§ Required action
Every line of the material that mentions the word "shows" should be copied out.

§ Provided records
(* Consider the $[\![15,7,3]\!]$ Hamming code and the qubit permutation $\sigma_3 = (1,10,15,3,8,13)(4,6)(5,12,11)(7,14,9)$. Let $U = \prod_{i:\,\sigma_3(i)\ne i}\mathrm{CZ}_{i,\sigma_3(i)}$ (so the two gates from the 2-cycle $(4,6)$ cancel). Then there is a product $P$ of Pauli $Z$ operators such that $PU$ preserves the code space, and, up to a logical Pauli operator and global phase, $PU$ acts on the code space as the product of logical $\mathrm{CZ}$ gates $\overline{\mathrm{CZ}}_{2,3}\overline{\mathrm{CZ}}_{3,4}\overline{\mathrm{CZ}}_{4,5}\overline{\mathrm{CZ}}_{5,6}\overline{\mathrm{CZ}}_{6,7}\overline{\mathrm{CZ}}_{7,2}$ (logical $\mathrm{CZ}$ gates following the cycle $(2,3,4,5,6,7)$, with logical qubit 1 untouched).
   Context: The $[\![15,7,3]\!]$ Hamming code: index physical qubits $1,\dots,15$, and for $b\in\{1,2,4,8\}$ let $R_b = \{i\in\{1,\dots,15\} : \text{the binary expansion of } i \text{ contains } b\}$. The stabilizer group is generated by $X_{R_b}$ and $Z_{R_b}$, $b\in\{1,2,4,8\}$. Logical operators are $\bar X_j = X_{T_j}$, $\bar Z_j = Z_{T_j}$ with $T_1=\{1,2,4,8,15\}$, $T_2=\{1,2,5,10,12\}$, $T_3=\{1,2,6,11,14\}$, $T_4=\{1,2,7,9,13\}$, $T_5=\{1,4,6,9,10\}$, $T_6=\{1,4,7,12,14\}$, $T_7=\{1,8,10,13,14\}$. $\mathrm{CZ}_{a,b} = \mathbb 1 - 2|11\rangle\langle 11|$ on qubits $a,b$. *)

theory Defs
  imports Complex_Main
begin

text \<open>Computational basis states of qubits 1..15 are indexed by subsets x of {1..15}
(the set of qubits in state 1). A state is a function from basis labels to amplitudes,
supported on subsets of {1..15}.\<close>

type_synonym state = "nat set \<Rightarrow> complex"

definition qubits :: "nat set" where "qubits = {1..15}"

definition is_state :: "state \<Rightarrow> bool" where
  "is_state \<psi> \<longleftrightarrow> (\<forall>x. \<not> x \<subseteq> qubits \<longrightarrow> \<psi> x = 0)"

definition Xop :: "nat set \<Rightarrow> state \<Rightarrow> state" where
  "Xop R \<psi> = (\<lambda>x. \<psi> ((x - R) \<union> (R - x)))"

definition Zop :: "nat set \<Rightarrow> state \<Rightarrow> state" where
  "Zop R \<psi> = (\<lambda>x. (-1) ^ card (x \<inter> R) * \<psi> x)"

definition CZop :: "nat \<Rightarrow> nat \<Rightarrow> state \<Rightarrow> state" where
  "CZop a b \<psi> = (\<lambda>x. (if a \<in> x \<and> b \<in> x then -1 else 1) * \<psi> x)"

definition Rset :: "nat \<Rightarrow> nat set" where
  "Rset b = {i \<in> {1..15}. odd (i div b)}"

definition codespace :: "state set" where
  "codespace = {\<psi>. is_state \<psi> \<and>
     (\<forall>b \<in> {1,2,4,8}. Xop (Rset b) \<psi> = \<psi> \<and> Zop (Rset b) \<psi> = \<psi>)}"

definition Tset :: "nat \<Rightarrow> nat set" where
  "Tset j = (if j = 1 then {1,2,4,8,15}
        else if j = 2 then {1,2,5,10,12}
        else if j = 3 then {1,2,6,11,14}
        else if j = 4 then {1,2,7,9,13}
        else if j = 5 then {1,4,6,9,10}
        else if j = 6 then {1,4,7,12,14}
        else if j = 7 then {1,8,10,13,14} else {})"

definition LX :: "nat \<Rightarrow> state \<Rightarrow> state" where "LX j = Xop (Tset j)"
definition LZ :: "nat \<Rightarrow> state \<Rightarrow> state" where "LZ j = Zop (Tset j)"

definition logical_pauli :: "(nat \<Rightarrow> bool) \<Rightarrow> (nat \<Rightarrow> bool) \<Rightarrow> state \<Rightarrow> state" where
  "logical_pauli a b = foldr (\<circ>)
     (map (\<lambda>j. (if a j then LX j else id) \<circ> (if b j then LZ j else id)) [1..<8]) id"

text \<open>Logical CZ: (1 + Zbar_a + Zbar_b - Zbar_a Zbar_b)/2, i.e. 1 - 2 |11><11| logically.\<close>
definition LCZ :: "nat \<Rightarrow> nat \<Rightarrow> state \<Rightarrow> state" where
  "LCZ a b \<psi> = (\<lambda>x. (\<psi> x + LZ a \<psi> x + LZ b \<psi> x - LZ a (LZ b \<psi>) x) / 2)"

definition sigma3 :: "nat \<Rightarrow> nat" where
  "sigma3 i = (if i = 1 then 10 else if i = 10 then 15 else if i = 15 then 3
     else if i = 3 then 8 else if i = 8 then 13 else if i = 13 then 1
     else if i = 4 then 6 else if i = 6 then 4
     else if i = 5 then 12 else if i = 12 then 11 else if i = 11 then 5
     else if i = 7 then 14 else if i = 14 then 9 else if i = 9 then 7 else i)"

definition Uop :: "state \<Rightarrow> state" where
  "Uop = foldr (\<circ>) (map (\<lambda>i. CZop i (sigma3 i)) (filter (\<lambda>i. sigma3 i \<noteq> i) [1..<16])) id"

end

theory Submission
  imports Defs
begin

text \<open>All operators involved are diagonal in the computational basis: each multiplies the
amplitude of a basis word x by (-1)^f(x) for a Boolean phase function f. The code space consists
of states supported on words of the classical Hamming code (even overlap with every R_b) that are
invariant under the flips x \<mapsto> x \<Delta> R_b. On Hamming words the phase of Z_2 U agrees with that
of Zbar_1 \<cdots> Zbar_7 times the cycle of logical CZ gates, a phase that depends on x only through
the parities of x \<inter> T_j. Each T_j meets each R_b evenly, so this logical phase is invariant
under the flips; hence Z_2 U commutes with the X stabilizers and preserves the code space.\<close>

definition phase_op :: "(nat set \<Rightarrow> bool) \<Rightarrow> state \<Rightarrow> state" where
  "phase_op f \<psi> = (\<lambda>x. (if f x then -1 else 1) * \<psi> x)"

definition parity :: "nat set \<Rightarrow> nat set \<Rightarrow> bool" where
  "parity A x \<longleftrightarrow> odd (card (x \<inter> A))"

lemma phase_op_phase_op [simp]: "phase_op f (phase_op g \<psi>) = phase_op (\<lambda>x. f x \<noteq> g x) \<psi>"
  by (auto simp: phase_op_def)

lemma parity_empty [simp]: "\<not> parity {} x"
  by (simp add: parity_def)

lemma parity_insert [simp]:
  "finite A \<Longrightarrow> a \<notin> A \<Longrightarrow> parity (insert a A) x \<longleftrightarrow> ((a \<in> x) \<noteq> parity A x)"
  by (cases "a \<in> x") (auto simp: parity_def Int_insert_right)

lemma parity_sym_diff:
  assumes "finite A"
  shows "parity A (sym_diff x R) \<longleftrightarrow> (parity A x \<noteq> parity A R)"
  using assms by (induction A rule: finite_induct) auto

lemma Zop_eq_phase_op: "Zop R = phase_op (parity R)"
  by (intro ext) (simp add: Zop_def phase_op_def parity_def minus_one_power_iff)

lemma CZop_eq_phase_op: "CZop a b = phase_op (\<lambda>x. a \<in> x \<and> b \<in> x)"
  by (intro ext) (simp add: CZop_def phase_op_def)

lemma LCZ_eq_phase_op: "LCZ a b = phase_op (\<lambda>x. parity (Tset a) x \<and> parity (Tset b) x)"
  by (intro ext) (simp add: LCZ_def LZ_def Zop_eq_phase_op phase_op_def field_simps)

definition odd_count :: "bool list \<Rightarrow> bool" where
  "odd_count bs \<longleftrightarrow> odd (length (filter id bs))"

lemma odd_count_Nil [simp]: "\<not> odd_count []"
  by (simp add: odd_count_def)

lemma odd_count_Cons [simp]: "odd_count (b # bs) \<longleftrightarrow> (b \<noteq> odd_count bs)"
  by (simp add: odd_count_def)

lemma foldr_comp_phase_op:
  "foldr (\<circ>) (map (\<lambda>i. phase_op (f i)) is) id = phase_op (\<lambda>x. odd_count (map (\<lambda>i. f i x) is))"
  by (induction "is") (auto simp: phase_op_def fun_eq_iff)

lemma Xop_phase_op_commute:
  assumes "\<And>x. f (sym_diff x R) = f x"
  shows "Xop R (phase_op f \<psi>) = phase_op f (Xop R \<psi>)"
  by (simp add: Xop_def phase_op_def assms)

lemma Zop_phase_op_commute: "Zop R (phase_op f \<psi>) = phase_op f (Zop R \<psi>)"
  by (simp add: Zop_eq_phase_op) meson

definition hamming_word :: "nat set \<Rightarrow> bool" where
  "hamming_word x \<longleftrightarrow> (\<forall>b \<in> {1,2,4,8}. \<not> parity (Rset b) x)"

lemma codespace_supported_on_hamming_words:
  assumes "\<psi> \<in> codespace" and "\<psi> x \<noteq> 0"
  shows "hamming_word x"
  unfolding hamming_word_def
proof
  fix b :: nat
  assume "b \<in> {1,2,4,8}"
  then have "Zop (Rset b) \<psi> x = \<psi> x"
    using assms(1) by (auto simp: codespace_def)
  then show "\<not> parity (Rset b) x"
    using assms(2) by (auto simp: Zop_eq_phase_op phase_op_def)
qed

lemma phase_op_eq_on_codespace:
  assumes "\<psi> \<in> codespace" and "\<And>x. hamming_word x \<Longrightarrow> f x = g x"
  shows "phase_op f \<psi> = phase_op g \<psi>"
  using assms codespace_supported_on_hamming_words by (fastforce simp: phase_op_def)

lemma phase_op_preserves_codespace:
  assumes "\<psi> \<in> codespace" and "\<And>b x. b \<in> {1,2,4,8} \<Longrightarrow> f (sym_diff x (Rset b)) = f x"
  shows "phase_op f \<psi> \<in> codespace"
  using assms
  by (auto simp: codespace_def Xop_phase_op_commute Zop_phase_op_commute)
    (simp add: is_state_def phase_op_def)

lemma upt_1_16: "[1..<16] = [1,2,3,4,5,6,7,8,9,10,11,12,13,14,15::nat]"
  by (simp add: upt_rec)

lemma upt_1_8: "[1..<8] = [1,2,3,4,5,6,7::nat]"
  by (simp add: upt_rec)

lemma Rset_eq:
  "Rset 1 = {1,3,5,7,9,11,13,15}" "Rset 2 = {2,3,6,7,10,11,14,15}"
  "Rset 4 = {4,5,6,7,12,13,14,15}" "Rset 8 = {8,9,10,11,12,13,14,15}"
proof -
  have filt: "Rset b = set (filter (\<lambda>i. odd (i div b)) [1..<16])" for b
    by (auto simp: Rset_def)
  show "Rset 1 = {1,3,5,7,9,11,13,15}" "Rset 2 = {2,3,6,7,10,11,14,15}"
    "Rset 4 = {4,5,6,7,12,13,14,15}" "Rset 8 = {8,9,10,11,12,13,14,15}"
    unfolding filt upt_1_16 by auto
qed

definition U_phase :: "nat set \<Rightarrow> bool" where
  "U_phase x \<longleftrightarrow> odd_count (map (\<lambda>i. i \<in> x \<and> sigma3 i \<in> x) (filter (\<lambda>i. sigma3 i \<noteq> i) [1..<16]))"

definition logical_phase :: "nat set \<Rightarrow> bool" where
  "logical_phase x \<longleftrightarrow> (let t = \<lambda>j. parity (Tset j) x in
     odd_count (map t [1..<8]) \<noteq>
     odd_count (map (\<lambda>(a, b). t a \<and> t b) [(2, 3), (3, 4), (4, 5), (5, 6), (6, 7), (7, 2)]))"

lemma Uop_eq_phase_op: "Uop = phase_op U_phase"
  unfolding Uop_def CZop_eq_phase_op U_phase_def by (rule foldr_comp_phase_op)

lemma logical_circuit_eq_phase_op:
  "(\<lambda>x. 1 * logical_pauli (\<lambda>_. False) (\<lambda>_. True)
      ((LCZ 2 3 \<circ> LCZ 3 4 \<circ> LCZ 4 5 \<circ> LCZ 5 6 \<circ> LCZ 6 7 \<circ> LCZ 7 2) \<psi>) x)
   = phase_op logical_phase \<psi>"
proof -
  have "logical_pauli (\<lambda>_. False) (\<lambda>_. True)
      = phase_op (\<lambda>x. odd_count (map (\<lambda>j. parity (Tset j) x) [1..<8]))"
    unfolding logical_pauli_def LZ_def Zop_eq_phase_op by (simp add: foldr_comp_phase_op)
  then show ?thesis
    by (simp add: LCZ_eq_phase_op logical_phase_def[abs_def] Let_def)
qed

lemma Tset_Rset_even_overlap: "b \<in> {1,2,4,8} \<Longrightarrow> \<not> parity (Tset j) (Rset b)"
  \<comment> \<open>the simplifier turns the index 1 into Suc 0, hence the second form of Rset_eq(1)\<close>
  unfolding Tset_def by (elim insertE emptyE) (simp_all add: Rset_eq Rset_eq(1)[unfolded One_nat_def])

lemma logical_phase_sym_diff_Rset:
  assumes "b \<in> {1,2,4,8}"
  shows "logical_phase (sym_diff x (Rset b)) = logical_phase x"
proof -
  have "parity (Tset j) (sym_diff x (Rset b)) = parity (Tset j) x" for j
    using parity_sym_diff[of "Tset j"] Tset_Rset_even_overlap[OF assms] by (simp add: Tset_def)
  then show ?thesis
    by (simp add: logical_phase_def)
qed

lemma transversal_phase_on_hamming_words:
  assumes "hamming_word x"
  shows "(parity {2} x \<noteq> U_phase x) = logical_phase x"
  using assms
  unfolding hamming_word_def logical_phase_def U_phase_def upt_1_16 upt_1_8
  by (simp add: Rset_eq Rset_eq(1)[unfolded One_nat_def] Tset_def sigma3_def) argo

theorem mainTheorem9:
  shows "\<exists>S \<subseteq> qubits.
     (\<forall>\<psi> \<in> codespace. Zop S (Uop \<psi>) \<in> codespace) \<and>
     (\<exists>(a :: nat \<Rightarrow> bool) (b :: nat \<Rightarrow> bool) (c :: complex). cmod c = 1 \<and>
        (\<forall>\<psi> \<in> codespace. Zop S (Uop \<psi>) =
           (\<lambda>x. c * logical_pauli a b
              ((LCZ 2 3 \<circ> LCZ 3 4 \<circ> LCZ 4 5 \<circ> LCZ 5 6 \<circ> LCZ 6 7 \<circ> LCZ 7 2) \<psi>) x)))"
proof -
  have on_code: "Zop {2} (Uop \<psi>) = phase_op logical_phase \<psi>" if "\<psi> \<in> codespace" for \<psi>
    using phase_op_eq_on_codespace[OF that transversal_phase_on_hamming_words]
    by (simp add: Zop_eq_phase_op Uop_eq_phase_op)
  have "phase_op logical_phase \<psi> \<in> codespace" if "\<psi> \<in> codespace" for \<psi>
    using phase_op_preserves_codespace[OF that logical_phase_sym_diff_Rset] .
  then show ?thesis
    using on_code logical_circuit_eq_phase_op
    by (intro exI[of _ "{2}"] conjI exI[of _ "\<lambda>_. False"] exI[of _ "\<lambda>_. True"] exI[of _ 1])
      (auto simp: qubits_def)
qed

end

§ Result of the task
  shows "parity A (sym_diff x R) \<longleftrightarrow> (parity A x \<noteq> parity A R)"
  shows "Xop R (phase_op f \<psi>) = phase_op f (Xop R \<psi>)"
  shows "hamming_word x"
  shows "phase_op f \<psi> = phase_op g \<psi>"
  shows "phase_op f \<psi> \<in> codespace"
  shows "logical_phase (sym_diff x (Rset b)) = logical_phase x"
  shows "(parity {2} x \<noteq> U_phase x) = logical_phase x"
  shows "\<exists>S \<subseteq> qubits.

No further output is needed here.